In other words: how did women manage to write at all, given the relentless patriarchal indoctrination that surrounded them from the moment they were born? Gilbert and Gubar avoid this question, blandly stating as the conclusion of their first chapter that "Despite the obstacles presented by those twin images of angel and monster, despite the fears of sterility and the anxieties of authorship from which women have suffered, generations of texts have been possible for female writers" (44). Indeed, but why? Only a more sophisticated account of the contradictory, fragmentary nature of patriarchal ideology would help Gilbert and Gubar to answer this question. . . .

 

Feminists must be able to account for the paradoxically productive aspects of patriarchal ideology (the moments in which the ideology backfires on itself, as it were) as well as for its obvious oppressive implications if they are to answer the tricky question of how it is that some women manage to counter patriarchal strategies despite the odds stacked against them. In the nineteenth century, for instance, it would seem true to say that bourgeois patriarchy 's predilection for liberal humanism as a "legitimizing ideology" lent ammunition and arguments to the growing bourgeois feminist movement.  If one held that the rights of the individual were sacred, it became increasingly difficult to argue that women's rights somehow were not. Just as Mary Wollstonecraft's essay on the rights of woman was made possible by the emancipatory if bourgeois-patriarchal ideas of liberté, egalité and fraternité,so John Stuart Mill's essay on the subjection of women was the product of patriarchal liberal humanism. Gilbert and Gubar overlook these points, referring to Mill only twice en passant, and both times as a parallel to Mary Wollstonecraft.

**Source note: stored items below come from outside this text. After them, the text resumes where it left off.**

text \<open>Reversing the orientation of all three strands reduces a negative crossing x to a positive one.\<close>

lemma r3_exists:
  assumes ok: "r3_ok sx sy sz oT oM oB"
    and h: "r3_colors_ok alpha beta sx sy sz oT oM oB t0 t1 t2 m0 m1 m2 b0 b1 b2"
    and X: "t0 \<in> X" "t2 \<in> X" "m0 \<in> X" "m2 \<in> X" "b0 \<in> X" "b2 \<in> X" "t1 \<in> X" "m1 \<in> X" "b1 \<in> X"
  shows "\<exists>T\<in>X. \<exists>M\<in>X. \<exists>B\<in>X. r3_colors_ok alpha beta sx sy sz (\<not> oT) (\<not> oM) (\<not> oB) t0 T t2 m0 M m2 b0 B b2"
proof (cases sx)
  case True
  with ok h X show ?thesis using r3_exists_pos by simp
next
  case False
  have ok': "r3_ok True (\<not> sy) (\<not> sz) (\<not> oT) (\<not> oM) (\<not> oB)"
    using ok False unfolding r3_ok_def by auto
  have "r3_colors_ok alpha beta True (\<not> sy) (\<not> sz) (\<not> oT) (\<not> oM) (\<not> oB) t2 t1 t0 m2 m1 m0 b2 b1 b0"
    using h False r3_colors_ok_reverse[of alpha beta True "\<not> sy" "\<not> sz"] by simp
  then obtain T M B where "T \<in> X" "M \<in> X" "B \<in> X"
    "r3_colors_ok alpha beta True (\<not> sy) (\<not> sz) (\<not> \<not> oT) (\<not> \<not> oM) (\<not> \<not> oB) t2 T t0 m2 M m0 b2 B b0"
    using r3_exists_pos[OF ok'] X by blast
  then show ?thesis
    using False r3_colors_ok_reverse[of alpha beta True "\<not> sy" "\<not> sz" "\<not> oT" "\<not> oM" "\<not> oB"] by auto
qed

lemma r3_unique:
  assumes ok: "r3_ok sx sy sz oT oM oB"
    and h: "r3_colors_ok alpha beta sx sy sz oT oM oB t0 t1 t2 m0 m1 m2 b0 b1 b2"
    and h': "r3_colors_ok alpha beta sx sy sz oT oM oB t0 t1' t2 m0 m1' m2 b0 b1' b2"
    and X: "t0 \<in> X" "t2 \<in> X" "m0 \<in> X" "m2 \<in> X" "b0 \<in> X" "b2 \<in> X" "t1 \<in> X" "m1 \<in> X" "b1 \<in> X"
      "t1' \<in> X" "m1' \<in> X" "b1' \<in> X"
  shows "t1 = t1' \<and> m1 = m1' \<and> b1 = b1'"
proof (cases sx)
  case True
  with ok h h' X show ?thesis using r3_unique_pos by simp
next
  case False
  have ok': "r3_ok True (\<not> sy) (\<not> sz) (\<not> oT) (\<not> oM) (\<not> oB)"
    using ok False unfolding r3_ok_def by auto
  have "r3_colors_ok alpha beta True (\<not> sy) (\<not> sz) (\<not> oT) (\<not> oM) (\<not> oB) t2 t1 t0 m2 m1 m0 b2 b1 b0"
    "r3_colors_ok alpha beta True (\<not> sy) (\<not> sz) (\<not> oT) (\<not> oM) (\<not> oB) t2 t1' t0 m2 m1' m0 b2 b1' b0"
    using h h' False r3_colors_ok_reverse[of alpha beta True "\<not> sy" "\<not> sz"] by simp_all
  then show ?thesis using r3_unique_pos[OF ok'] X by blast
qed

end
(* Let $P$ be a positive integer, $N=2^L$ with $L$ a positive integer, $D_1,\ldots,D_{N^P},R$ positive integers, let $\mathcal{W}^P_{\mathrm{TN}}\in\mathbb{R}^{D_1\times\cdots\times D_{N^P}}$ be generated by the $P$-dimensional locally connected tensor network of width $R$, and let $\mu:[N]^P\to[N^P]$ be compatible. For any $\mathcal{A}\in\mathbb{R}^{D_1\times\cdots\times D_{N^P}}$ and $\epsilon\in[0,\|\mathcal{A}\|/4]$, if $\|\mathcal{W}^P_{\mathrm{TN}}-\mathcal{A}\|\le\epsilon$, then for all canonical partitions $(\mathcal{K},\mathcal{K}^c)\in\mathcal{C}^P_N$: $$\mathrm{QE}(\mathcal{A};\mu(\mathcal{K}))\le\ln(R)+\frac{2\epsilon}{\|\mathcal{A}\|}\ln(D_{\mu(\mathcal{K})})+2\sqrt{\frac{2\epsilon}{\|\mathcal{A}\|}}.$$ In contrast, there exists $\mathcal{A}'\in\mathbb{R}^{D_1\times\cdots\times D_{N^P}}$ such that for all $(\mathcal{K},\mathcal{K}^c)\in\mathcal{C}^P_N$: $\mathrm{QE}(\mathcal{A}';\mu(\mathcal{K}))\ge\min\{|\mathcal{K}|,|\mathcal{K}^c|\}\cdot\ln(\min_{n\in[N^P]}D_n)$.
   Context: Norms are Frobenius. For a tensor $\mathcal{A}\in\mathbb{R}^{D_1\times\cdots\times D_{N^P}}$ and $\mathcal{J}\subseteq[N^P]$, $[\![\mathcal{A};\mathcal{J}]\!]$ is its matrix arrangement with rows indexed by axes $\mathcal{J}$ and columns by the remaining axes $\mathcal{J}^c$; $D_{\mathcal{J}}:=\min\{\prod_{n\in\mathcal{J}}D_n,\prod_{n\in\mathcal{J}^c}D_n\}$; $\mathrm{QE}(\mathcal{A};\mathcal{J}):=-\sum_d\rho_d\ln\rho_d$ with $\rho_d=\sigma_d^2/\sum_{d'}\sigma_{d'}^2$ over the singular values of $[\![\mathcal{A};\mathcal{J}]\!]$ ($\mathrm{QE}(0;\mathcal{J})=0$; $\epsilon/\|\mathcal{A}\|:=0$ if $\mathcal{A}=0$). The $P$-dimensional locally connected tensor network of width $R$ has as graph a perfect $2^P$-ary tree of height $L$ with $N^P$ leaves, open edge of leaf $n$ (left to right) of dimension $D_n$, inner edges of dimension $R$; it generates exactly the tensors: choose $\phi^{(0,n)}_r\in\mathbb{R}^{D_n}$ ($n\in[N^P]$, $r\in[R]$); for $l=1,\ldots,L-1$, $n\in[2^{P(L-l)}]$, $r\in[R]$ set $\phi^{(l,n)}_r=\sum_{i_1,\ldots,i_{2^P}\in[R]}a^{(l,n)}_{r,i_1,\ldots,i_{2^P}}\bigotimes_{k=1}^{2^P}\phi^{(l-1,2^P(n-1)+k)}_{i_k}$; and $\mathcal{W}^P_{\mathrm{TN}}=\sum_{i_1,\ldots,i_{2^P}}a_{i_1,\ldots,i_{2^P}}\bigotimes_{k=1}^{2^P}\phi^{(L-1,k)}_{i_k}$. Thus the axes descending from the $n$-th node at level $l$ form the contiguous index block $\{2^{Pl}(n-1)+1,\ldots,2^{Pl}n\}$. A bijection $\mu:[N]^P\to[N^P]$ is compatible if for every node, the set $\mu^{-1}$ of the axis indices descending from it is a contiguous cubic block of $[N]^P$ of the form $\times_{p=1}^P\{s(k_p-1)+1,\ldots,sk_p\}$; for $\mathcal{K}\subseteq[N]^P$, $\mu(\mathcal{K}):=\{\mu(\mathbf{n}):\mathbf{n}\in\mathcal{K}\}$. The canonical partitions $\mathcal{C}^P_N$ of $[N]^P$ are the pairs $(\mathcal{K},[N]^P\setminus\mathcal{K})$ with $\mathcal{K}=\times_{p=1}^P\{2^{L-l}(n_p-1)+1,\ldots,2^{L-l}n_p\}$ for $l\in\{0,\ldots,L\}$, $n_1,\ldots,n_P\in[2^l]$. *)

theory Defs
  imports Complex_Main "HOL-Library.FuncSet"
begin

text \<open>Tensor axes are numbered 1..M (M = N^P). An entry index of a tensor
is a function i :: nat => nat with i n < D n for axes n, and i n = 0 off the axes.
A tensor is a function from such index functions to reals (only its values on
the index set matter).\<close>

definition tidx :: "(nat \<Rightarrow> nat) \<Rightarrow> nat set \<Rightarrow> (nat \<Rightarrow> nat) set" where
  "tidx D S = {i. (\<forall>n\<in>S. i n < D n) \<and> (\<forall>n. n \<notin> S \<longrightarrow> i n = 0)}"

definition fnorm :: "(nat \<Rightarrow> nat) \<Rightarrow> nat \<Rightarrow> ((nat \<Rightarrow> nat) \<Rightarrow> real) \<Rightarrow> real" where
  "fnorm D M A = sqrt (\<Sum>i\<in>tidx D {1..M}. (A i)\<^sup>2)"

text \<open>Matrix arrangement [[A; J]]: rows indexed by tidx D J, columns by tidx D ({1..M} - J).\<close>
definition matricize :: "((nat \<Rightarrow> nat) \<Rightarrow> real) \<Rightarrow> nat set \<Rightarrow> (nat \<Rightarrow> nat) \<Rightarrow> (nat \<Rightarrow> nat) \<Rightarrow> real" where
  "matricize A J r c = A (\<lambda>n. if n \<in> J then r n else c n)"

definition is_svd :: "'r set \<Rightarrow> 'c set \<Rightarrow> ('r \<Rightarrow> 'c \<Rightarrow> real) \<Rightarrow> nat \<Rightarrow> (nat \<Rightarrow> real)
    \<Rightarrow> (nat \<Rightarrow> 'r \<Rightarrow> real) \<Rightarrow> (nat \<Rightarrow> 'c \<Rightarrow> real) \<Rightarrow> bool" where
  "is_svd Rw Cl X k \<sigma> u v \<longleftrightarrow>
     (\<forall>d<k. \<sigma> d \<ge> 0) \<and>
     (\<forall>d<k. \<forall>e<k. (\<Sum>r\<in>Rw. u d r * u e r) = (if d = e then 1 else 0)) \<and>
     (\<forall>d<k. \<forall>e<k. (\<Sum>c\<in>Cl. v d c * v e c) = (if d = e then 1 else 0)) \<and>
     (\<forall>r\<in>Rw. \<forall>c\<in>Cl. X r c = (\<Sum>d<k. \<sigma> d * u d r * v d c))"

text \<open>Entropy of the normalized squared singular values (0 ln 0 := 0; if all are 0 the
normalization gives 0, so the entropy is 0).\<close>
definition sv_entropy :: "nat \<Rightarrow> (nat \<Rightarrow> real) \<Rightarrow> real" where
  "sv_entropy k \<sigma> = - (\<Sum>d<k. let \<rho> = (\<sigma> d)\<^sup>2 / (\<Sum>e<k. (\<sigma> e)\<^sup>2) in
                              if \<rho> = 0 then 0 else \<rho> * ln \<rho>)"

text \<open>Quantum entanglement QE(A; J) for a tensor with axes 1..M, computed from the singular
values of [[A; J]] (independent of the chosen SVD).\<close>
definition QE :: "(nat \<Rightarrow> nat) \<Rightarrow> nat \<Rightarrow> ((nat \<Rightarrow> nat) \<Rightarrow> real) \<Rightarrow> nat set \<Rightarrow> real" where
  "QE D M A J = (SOME e. \<exists>k \<sigma> u v.
      is_svd (tidx D J) (tidx D ({1..M} - J)) (matricize A J) k \<sigma> u v \<and> e = sv_entropy k \<sigma>)"

definition DJ :: "(nat \<Rightarrow> nat) \<Rightarrow> nat \<Rightarrow> nat set \<Rightarrow> nat" where
  "DJ D M J = min (\<Prod>n\<in>J. D n) (\<Prod>n\<in>{1..M} - J. D n)"

text \<open>Locally connected tensor network. phi0 n r j is the j-th entry of phi^(0,n)_r;
a l n r ik is a^(l,n)_{r,i_1,...,i_{2^P}} with ik k = i_k; atop ik is the top coefficient.\<close>
primrec tn_phi :: "nat \<Rightarrow> nat \<Rightarrow> (nat \<Rightarrow> nat \<Rightarrow> nat \<Rightarrow> real) \<Rightarrow> (nat \<Rightarrow> nat \<Rightarrow> nat \<Rightarrow> (nat \<Rightarrow> nat) \<Rightarrow> real)
    \<Rightarrow> nat \<Rightarrow> nat \<Rightarrow> nat \<Rightarrow> (nat \<Rightarrow> nat) \<Rightarrow> real" where
  "tn_phi P R phi0 a 0 n r idx = phi0 n r (idx n)"
| "tn_phi P R phi0 a (Suc l) n r idx =
     (\<Sum>ik\<in>PiE {1..2^P} (\<lambda>_. {1..R}).
        a (Suc l) n r ik * (\<Prod>k\<in>{1..2^P}. tn_phi P R phi0 a l (2^P * (n - 1) + k) (ik k) idx))"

Their theory of covert and inexpressed rage as the essence of century "femaleness" cannot comfortably cope with a "male" text that openly tackles the problem of women's oppression.

 

This impasse in Gilbert and Gubar's work is both accentuated and compounded by their persistent use of the epithet "female." It has long been an established practice among most feminists to use "feminine" (and "masculine") to represent social constructs (patterns of sexuality and behavior imposed by cultural and social norms), and to reserve "female" and "male" for the purely biological aspects of sexual difference. Thus "feminine" represents nurture and "female" nature in this usage. "Femininity" is a cultural construct: one isn't born a woman, one becomes one, as Simone de Beauvoir puts it. Seen in this perspective, patriarchal oppression consists of imposing certain social standards of femininity on all biological women, in order precisely to make us believe that the chosen standards for "femininity" are natural. Thus a woman who refuses to conform can be labeled both unfeminine and unnatural. It is in the patriarchal interest that these two terms (femininity and femaleness) stay thoroughly confused. Femininists, on the contrary, have to disentangle this confusion, and must therefore always insist that though women undoubtedly are female, this in no way guarantees that they will be feminine. This is equally true whether one defines femininity in the old patriarchal ways or in a new feminist way.

 

Gilbert and Gubar's refusal to admit a separation between nature and nurture at the lexical level renders their whole argument obscure. For what is this "female creativity" they are studying? Is it a natural, essential, inborn quality in all women? Is it "feminine" creativity in the sense of a creativity conforming to certain social standards of female behavior, or is it a creativity typical of a feminine subject position in the psychoanalytical sense? Gilbert and Gubar seem to hold the first hypothesis, though in a slightly more historicized form: in a given patriarchal society all women (because they are biologically female) will adopt certain strategies to counter patriarchal oppression. These strategies will be "female" since they will be the same for all women submitted to such conditions. Such an argument relies heavily on the assumption that patriarchal ideology is homogeneous and all-encompassing in its effects. It also gives little scope for an understanding of how genuinely difficult it is for women to achieve anything like "full femininity," or of the ways in which women can come to take up a masculine subject position--that is to say, become solid defenders of the patriarchal status quo.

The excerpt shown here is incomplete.